With its booming economy, Peru is an obvious destination. But enterprising Spaniards are heading all over the region, including less obvious countries such as Bolivia and Ecuador.

And in doing so, they are also helping to boost their own country’s economy. In 2012, Spaniards in Latin America and the Caribbean sent $2.4 billion of remittances home, making up a whopping 53 percent of the EU total, according to the recent report.

That makes Spain comparable to many Latin American nations, such as El Salvador, Honduras, Guatemala, and Brazil, which receive similar orders of remittances from millions of citizens abroad, including in the United States.

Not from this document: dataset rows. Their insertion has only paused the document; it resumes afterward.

lemma abscissa_point:
  assumes "a \<in> R" "a \<noteq> zero"
  shows "inc (A0 a) OX" "inc (A0 a) (join inc (lam a) J)" "A0 a \<noteq> Or" "A0 a \<noteq> X"
proof -
  let ?B = "lam a"
  have B: "inc ?B OY" "?B \<noteq> Y" "?B \<noteq> Or" using label_on_OY label_nonzero assms by auto
  then have "?B \<noteq> J" by auto
  define L where "L = join inc ?B J"
  have L: "inc ?B L" "inc J L" unfolding L_def using join_inc \<open>?B \<noteq> J\<close> by auto
  then have "L \<noteq> OX" by auto
  then have A: "inc (A0 a) L" "inc (A0 a) OX"
    unfolding ptA0_def L_def[symmetric] using meet_inc by auto
  then show "inc (A0 a) OX" "inc (A0 a) (join inc (lam a) J)" unfolding L_def by auto
  show "A0 a \<noteq> Or"
  proof
    assume "A0 a = Or"
    then have "L = OY" using line_unique[of Or ?B L OY] A L B by auto
    then show False using L by simp
  qed
  show "A0 a \<noteq> X"
  proof
    assume "A0 a = X"
    then have "L = XY" using line_unique[of X J L XY] A L unit_point_on_XY by auto
    then have "?B = Y" using line_unique[of ?B Y OY XY] L B by auto
    then show False using B by simp
  qed
qed

lemma affine_point_off_frame_lines:
  assumes "a \<in> R" "a \<noteq> zero" "b \<in> R" "b \<noteq> zero"
  shows "inc (AB a b) (join inc (A0 a) Y)" "inc (AB a b) (join inc (lam b) X)"
    and "\<not> inc (AB a b) OX" "\<not> inc (AB a b) OY" "\<not> inc (AB a b) XY"
proof -
  let ?A = "A0 a" and ?B = "lam b" and ?P = "AB a b"
  have A: "inc ?A OX" "?A \<noteq> Or" "?A \<noteq> X" using abscissa_point assms by auto
  have B: "inc ?B OY" "?B \<noteq> Y" "?B \<noteq> Or" using label_on_OY label_nonzero assms by auto
  have "\<not> inc ?A XY" using line_unique[of ?A X OX XY] A by auto
  have "?A \<noteq> Y" using A(1) frame_lines_avoid(1) by metis
  have "?B \<noteq> X" using B(1) frame_lines_avoid(2) by metis
  define LA LB where "LA = join inc ?A Y" and "LB = join inc ?B X"
  have LA: "inc ?A LA" "inc Y LA" and LB: "inc ?B LB" "inc X LB"
    unfolding LA_def LB_def using join_inc \<open>?A \<noteq> Y\<close> \<open>?B \<noteq> X\<close> by auto
  have "\<not> inc Y LB"
  proof
    assume "inc Y LB"
    then have "LB = OY" using line_unique[of ?B Y LB OY] LB B by auto
    then show False using LB by simp
  qed
  then have "LA \<noteq> LB" using LA by auto
  then have P: "inc ?P LA" "inc ?P LB"
    unfolding ptAB_def LA_def[symmetric] LB_def[symmetric] using meet_inc by auto
  then show "inc ?P (join inc ?A Y)" "inc ?P (join inc ?B X)" unfolding LA_def LB_def by auto
  show "\<not> inc ?P XY"
  proof
    assume "inc ?P XY"
    then have "?P = Y" using line_unique[of ?P Y LA XY] P LA \<open>\<not> inc ?A XY\<close> by auto
    then show False using P \<open>\<not> inc Y LB\<close> by simp
  qed
  show "\<not> inc ?P OX"
  proof
    assume "inc ?P OX"
    then have "?P = ?A" using line_unique[of ?P ?A LA OX] P LA A frame_lines_avoid(1) by metis
    then have "LB = OX" using line_unique[of ?A X LB OX] P LB A by auto
    then have "?B = Or" using line_unique[of ?B Or OX OY] LB B by auto
    then show False using B by simp
  qed
  show "\<not> inc ?P OY"
  proof
    assume "inc ?P OY"
    then have "?P = ?B" using line_unique[of ?P ?B LB OY] P LB B frame_lines_avoid(2) by metis
    then have "LA = OY" using line_unique[of ?B Y LA OY] P LA B by auto
    then have "?A = Or" using line_unique[of ?A Or OX OY] LA A by auto
    then show False using A by simp
  qed
qed
text \<open>Along each \<open>(-2)\<close>-chain the sums \<open>x m + x (m + 1)\<close> decrease towards the heavy curve,
  so only the two pairs containing it matter.\<close>
lemma chain_log_discrepancy_one_heavy_pair_sums:
  fixes w :: real
  assumes x: "chain_log_discrepancy (p + q + 1) N x" and w: "0 \<le> w"
    and N: "\<And>m. 1 \<le> m \<Longrightarrow> m \<le> p + q + 1 \<Longrightarrow> N m = (if m = Suc p then w + 2 else 2)"
  shows "(\<forall>m. 1 \<le> m \<longrightarrow> Suc m \<le> p + q + 1 \<longrightarrow> 1 < x m + x (Suc m)) \<longleftrightarrow>
    (1 \<le> p \<longrightarrow> real p * w * (real q + 1) < real p + real q + 2) \<and>
    (1 \<le> q \<longrightarrow> real q * w * (real p + 1) < real p + real q + 2)"
proof -
  obtain s t where left: "\<And>m. m \<le> Suc p \<Longrightarrow> x m = 1 - real m * s"
    and right: "\<And>m. Suc p \<le> m \<Longrightarrow> m \<le> p + q + 2 \<Longrightarrow> x m = 1 - (real (p + q + 2) - real m) * t"
    and st: "(real p + 1) * s = (real q + 1) * t" "w * (1 - (real p + 1) * s) = s + t"
    using chain_log_discrepancy_one_heavy_affine[OF x N] by blast
  note slopes = one_heavy_slopes[OF st w]
  have pair_left: "x m + x (Suc m) = 2 - (2 * real m + 1) * s" if "m \<le> p" for m
    using left[of m] left[of "Suc m"] that by (simp add: algebra_simps)
  have pair_right: "x m + x (Suc m) = 2 - (2 * (real (p + q + 2) - real m) - 1) * t"
    if "Suc p \<le> m" "m \<le> p + q + 1" for m
    using right[of m] right[of "Suc m"] that by (simp add: algebra_simps)
  have pairs_left: "(\<forall>m. 1 \<le> m \<longrightarrow> m \<le> p \<longrightarrow> 1 < x m + x (Suc m)) \<longleftrightarrow>
      (1 \<le> p \<longrightarrow> (2 * real p + 1) * s < 1)"
  proof
    have "(2 * real m + 1) * s \<le> (2 * real p + 1) * s" if "m \<le> p" for m
      using that slopes by (intro mult_right_mono) auto
    then show "1 \<le> p \<longrightarrow> (2 * real p + 1) * s < 1 \<Longrightarrow> \<forall>m. 1 \<le> m \<longrightarrow> m \<le> p \<longrightarrow> 1 < x m + x (Suc m)"
      using pair_left by fastforce
  qed (use pair_left in auto)
  have pairs_right: "(\<forall>m. Suc p \<le> m \<longrightarrow> m \<le> p + q \<longrightarrow> 1 < x m + x (Suc m)) \<longleftrightarrow>
      (1 \<le> q \<longrightarrow> (2 * real q + 1) * t < 1)"
  proof
    have "(2 * (real (p + q + 2) - real m) - 1) * t \<le> (2 * real q + 1) * t" if "Suc p \<le> m" for m
      using that slopes by (intro mult_right_mono) auto
    then show "1 \<le> q \<longrightarrow> (2 * real q + 1) * t < 1 \<Longrightarrow>
        \<forall>m. Suc p \<le> m \<longrightarrow> m \<le> p + q \<longrightarrow> 1 < x m + x (Suc m)"
      using pair_right by fastforce
  qed (use pair_right[of "Suc p"] in \<open>auto simp: add.commute\<close>)
  have "(\<forall>m. 1 \<le> m \<longrightarrow> Suc m \<le> p + q + 1 \<longrightarrow> 1 < x m + x (Suc m)) \<longleftrightarrow>
      (\<forall>m. 1 \<le> m \<longrightarrow> m \<le> p \<longrightarrow> 1 < x m + x (Suc m)) \<and>
      (\<forall>m. Suc p \<le> m \<longrightarrow> m \<le> p + q \<longrightarrow> 1 < x m + x (Suc m))"
    by (auto simp: not_less_eq_eq[symmetric])
  then show ?thesis
    unfolding pairs_left pairs_right slopes(3,4) .
qed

Interestingly, Spain's remittances are way ahead of Argentina's. The South American country received $526 million in 2012, despite a wave of emigrants heading everywhere from Mexico to Australia in the early 2000s after enduring an economic crisis about as bad as the one Greece has been suffering through.

Yet despite the shared language, adjusting can be hard for Spanish transplants. In most of Latin America, the quality public healthcare and education systems that most Europeans take for granted don’t exist.

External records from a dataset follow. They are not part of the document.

lemma first_ray_list_dominates:
  assumes S: "S \<noteq> {}" "finite S" and inj: "inj_on (\<lambda>x. (\<zeta> x, \<tau> x)) S"
    and L: "distinct L" "set L = first_ray \<zeta> \<tau> S" "sorted_wrt (\<lambda>x y. \<tau> x < \<tau> y) L"
    and Qr: "\<And>Q'. ray_partition_on (S - first_ray \<zeta> \<tau> S) Q' \<Longrightarrow> witnessed_by \<zeta> \<tau> Q' \<Longrightarrow>
               Q' = Qr \<or> first_difference_less (map length Q') (map length Qr)"
    and Q': "ray_partition_on S Q'" "witnessed_by \<zeta> \<tau> Q'"
  shows "Q' = L # Qr \<or> first_difference_less (map length Q') (map length (L # Qr))"
proof -
  let ?A = "first_ray \<zeta> \<tau> S"
  obtain B Qt where BQt: "Q' = B # Qt" using Q'(1) S(1) by (cases Q') auto
  have B: "distinct B" "set B \<subseteq> ?A" and Qt: "ray_partition_on (S - set B) Qt" "witnessed_by \<zeta> \<tau> Qt"
    using Q' first_piece_subset_first_ray[of S B Qt] unfolding BQt ray_partition_on_Cons
    by (simp_all add: witnessed_by_def)
  show ?thesis
  proof (cases "length B < length L")
    case True
    then show ?thesis unfolding BQt first_difference_less_def by (intro disjI2 exI[of _ "[]"]) auto
  next
    case False
    have finA: "finite ?A" using first_ray_subset S(2) by (rule finite_subset)
    have "card ?A \<le> card (set B)"
      using False distinct_card[OF B(1)] distinct_card[OF L(1)] L(2) by simp
    then have setB: "set B = ?A" using card_seteq[OF finA B(2)] by blast
    have sortedB: "sorted_wrt (\<lambda>x y. \<tau> x < \<tau> y) B" using Q' by (simp add: BQt witnessed_by_def)
    have "B = L" using sorted_by_key_unique[OF sortedB L(3)] L(2) setB inj_on_first_ray[OF inj] by simp
    moreover have "Qt = Qr \<or> first_difference_less (map length Qt) (map length Qr)"
      using Qr[OF Qt(1)[unfolded setB] Qt(2)] .
    ultimately show ?thesis using first_difference_less_Cons unfolding BQt by auto
  qed
qed

lemma dominant_ray_partition_Cons:
  assumes S: "S \<noteq> {}" "finite S" and inj: "inj_on (\<lambda>x. (\<zeta> x, \<tau> x)) S"
    and L: "distinct L" "set L = first_ray \<zeta> \<tau> S" "sorted_wrt (\<lambda>x y. \<tau> x < \<tau> y) L"
    and Qr: "dominant_ray_partition \<zeta> \<tau> (S - first_ray \<zeta> \<tau> S) Qr"
  shows "dominant_ray_partition \<zeta> \<tau> S (L # Qr)"
proof -
  let ?A = "first_ray \<zeta> \<tau> S"
  have Qr_part: "ray_partition_on (S - ?A) Qr" and Qr_wit: "witnessed_by \<zeta> \<tau> Qr"
    and Qr_stacked: "sorted_wrt (\<lambda>x y. \<zeta> x = \<zeta> y \<longrightarrow> \<tau> x < \<tau> y) (concat (rev Qr))"
    using Qr by (simp_all add: dominant_ray_partition_def)
  have Qr_dom: "\<And>Q'. ray_partition_on (S - ?A) Q' \<Longrightarrow> witnessed_by \<zeta> \<tau> Q' \<Longrightarrow>
                 Q' = Qr \<or> first_difference_less (map length Q') (map length Qr)"
    using Qr by (simp add: dominant_ray_partition_def)
  have Min_in_L: "Min S \<in> set L" using L(2) Min_in_first_ray[OF S(2,1)] by simp
  have hdL: "hd L = Min S"
    using L(2,3) Min_in_L by (intro hd_sorted_by_key) (auto simp: first_ray_def)
  have "L \<noteq> []" using Min_in_L by auto
  then have part: "ray_partition_on S (L # Qr)"
    using Qr_part L(1,2) hdL first_ray_subset by (simp add: ray_partition_on_Cons)
  have wit: "witnessed_by \<zeta> \<tau> (L # Qr)"
    using Qr_wit L(2,3) hdL by (auto simp: witnessed_by_def first_ray_def)
  have "sorted_wrt (\<lambda>x y. \<zeta> x = \<zeta> y \<longrightarrow> \<tau> x < \<tau> y) L"
    using L(3) by (rule sorted_wrt_mono_rel[rotated]) simp
  moreover have "\<tau> x < \<tau> y" if "x \<in> set (concat (rev Qr))" "y \<in> set L" "\<zeta> x = \<zeta> y" for x y
    using that Qr_part L(2) by (auto simp: first_ray_def ray_partition_on_def)
  ultimately have stacked: "sorted_wrt (\<lambda>x y. \<zeta> x = \<zeta> y \<longrightarrow> \<tau> x < \<tau> y) (concat (rev (L # Qr)))"
    using Qr_stacked by (simp add: sorted_wrt_append)
  show ?thesis
    using part wit stacked first_ray_list_dominates[OF S inj L Qr_dom]
    unfolding dominant_ray_partition_def by blast
qed

lemma dominant_ray_partition_exists:
  assumes "finite S" "inj_on (\<lambda>x. (\<zeta> x, \<tau> x)) S"
  shows "\<exists>Q. dominant_ray_partition \<zeta> \<tau> S Q"
  using assms
proof (induction S rule: finite_psubset_induct)
  case (psubset S)
  show ?case
  proof (cases "S = {}")
    case True
    then show ?thesis
      by (intro exI[of _ "[]"]) (simp add: dominant_ray_partition_def ray_partition_on_empty witnessed_by_def)
  next
    case False
    let ?A = "first_ray \<zeta> \<tau> S"
    have "finite ?A" using first_ray_subset psubset.hyps(1) by (rule finite_subset)
    then obtain L where L: "distinct L" "set L = ?A" "sorted_wrt (\<lambda>x y. \<tau> x < \<tau> y) L"
      using sorted_by_key_exists[OF _ inj_on_first_ray[OF psubset.prems]] by blast
    have "S - ?A \<subset> S"
      using Min_in_first_ray[OF psubset.hyps(1) False] first_ray_subset[of \<zeta> \<tau> S] by (intro psubsetI) auto
    moreover have "inj_on (\<lambda>x. (\<zeta> x, \<tau> x)) (S - ?A)" using psubset.prems by (rule inj_on_diff)
    ultimately obtain Qr where "dominant_ray_partition \<zeta> \<tau> (S - ?A) Qr" using psubset.IH by blast
    then show ?thesis using dominant_ray_partition_Cons[OF False psubset.hyps(1) psubset.prems L] by blast
  qed
qed

section \<open>Configurations of points with a height coordinate\<close>

lemma lex_less_iff_less: "lex_less x y \<longleftrightarrow> x < y"
  by (simp add: lex_less_def less_prod_def')

lemma ray_partition_iff: "ray_partition k Q \<longleftrightarrow> ray_partition_on (table k) Q"
proof -
  have "transp (\<lambda>B B' :: (nat \<times> nat) list. hd B < hd B')" by (auto intro: transpI)
  then have "(\<forall>b. Suc b < length Q \<longrightarrow> hd (Q ! b) < hd (Q ! Suc b)) \<longleftrightarrow> sorted_wrt (\<lambda>B B'. hd B < hd B') Q"
    by (simp add: sorted_wrt_iff_nth_Suc_transp)
  moreover have "(\<forall>B\<in>set Q. \<forall>x\<in>set B. x \<noteq> hd B \<longrightarrow> hd B < x) \<longleftrightarrow> (\<forall>B\<in>set Q. \<forall>x\<in>set B. hd B \<le> x)"
    by (metis order.order_iff_strict)
  ultimately show ?thesis
    unfolding ray_partition_def ray_partition_on_def lex_less_iff_less by simp
qed

lemma pairwise_eq_iff_eq_hd: "(\<forall>x\<in>set B. \<forall>y\<in>set B. f x = f y) \<longleftrightarrow> (\<forall>x\<in>set B. f x = f (hd B))"
  by (cases B) auto

lemma witnessed_iff: "witnessed Z Q \<longleftrightarrow> witnessed_by (\<lambda>x. pr_zeta (Z x)) (\<lambda>x. pr_t (Z x)) Q"
  unfolding witnessed_def witnessed_by_def sorted_wrt_iff_nth_less pairwise_eq_iff_eq_hd by blast

lemma finite_table: "finite (table k)"
proof -
  have "table k = (SIGMA i:{1..length k}. {1..kth k i})" by (auto simp: table_def)
  then show ?thesis by simp
qed

lemma Vtilde_inj_on:
  assumes "Vtilde p q k Z" "1 \<le> q"
  shows "inj_on (\<lambda>x. (pr_zeta (Z x), pr_t (Z x))) (table k)"
proof (rule inj_onI)
  fix x y assume xy: "x \<in> table k" "y \<in> table k"
    and eq: "(pr_zeta (Z x), pr_t (Z x)) = (pr_zeta (Z y), pr_t (Z y))"
  have "Z x \<noteq> []" "Z y \<noteq> []" using assms xy by (auto simp: Vtilde_def)
  then have "Z x = Z y" using eq unfolding pr_zeta_def pr_t_def by (metis append_butlast_last_id prod.inject)
  then show "x = y" using assms(1) xy by (auto simp: Vtilde_def dest: inj_onD)
qed

lemma Vtilde_row_same_zeta:
  assumes "Vtilde p 1 k Z" "(i, j) \<in> table k" "(i, j') \<in> table k"
  shows "pr_zeta (Z (i, j)) = pr_zeta (Z (i, j'))"
proof -
  have "take p (Z (i, j)) = take p (Z (i, j'))"
    using assms unfolding Vtilde_def pr_1_def by blast
  moreover have "length (Z (i, j)) = Suc p" "length (Z (i, j')) = Suc p"
    using assms unfolding Vtilde_def by simp_all
  ultimately show ?thesis by (simp add: pr_zeta_def butlast_conv_take)
qed

lemma pad_lexord:
  "first_difference_less (weight Q') (weight Q) \<Longrightarrow> (pad k (weight Q'), pad k (weight Q)) \<in> lexord less_than"
  unfolding pad_def by (rule first_difference_less_append_lexord)

lemma max_witnessed_iff_eq:
  assumes "ray_partition k Q0" "witnessed Z Q0"
    and dominant: "\<And>Q. ray_partition k Q \<Longrightarrow> witnessed Z Q \<Longrightarrow>
                     Q = Q0 \<or> (pad k (weight Q), pad k (weight Q0)) \<in> lexord less_than"
  shows "max_witnessed k Z Q \<longleftrightarrow> Q = Q0"
proof
  assume max: "max_witnessed k Z Q"
  show "Q = Q0"
  proof (rule ccontr)
    assume "Q \<noteq> Q0"
    then have "(pad k (weight Q), pad k (weight Q0)) \<in> lexord less_than"
      using max dominant by (auto simp: max_witnessed_def)
    moreover have "lex_le (pad k (weight Q0)) (pad k (weight Q))"
      using max assms(1,2) by (simp add: max_witnessed_def)
    ultimately show False
      using lexord_asymmetric[OF asym_less_than] lexord_irreflexive[of less_than]
      by (auto simp: lex_le_def)
  qed
qed (use assms in \<open>auto simp: max_witnessed_def lex_le_def\<close>)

Plus Latin America is statistically the world’s most violent region, while Europe is its safest.

“There is a cultural shock,” says Bustinduy. “Peru has incredible food, and such diversity in its landscapes. But the traffic is just disastrous.

“For a European, it takes some getting used to that the cars don’t stop when you are crossing the street. It makes you despair. The extreme classism is also tough. In Spain, of course you have rich and poor, but not like here.”

But there are positives too. Garcia, for example, admires how Peruvians still value family and respect the elderly in a way that, she feels, is being lost in Spain.

“Living in a different country teaches you so much,” says Garcia. “It opens your mind and you realize that things that you always thought were normal, or common sense, can be done a different way.”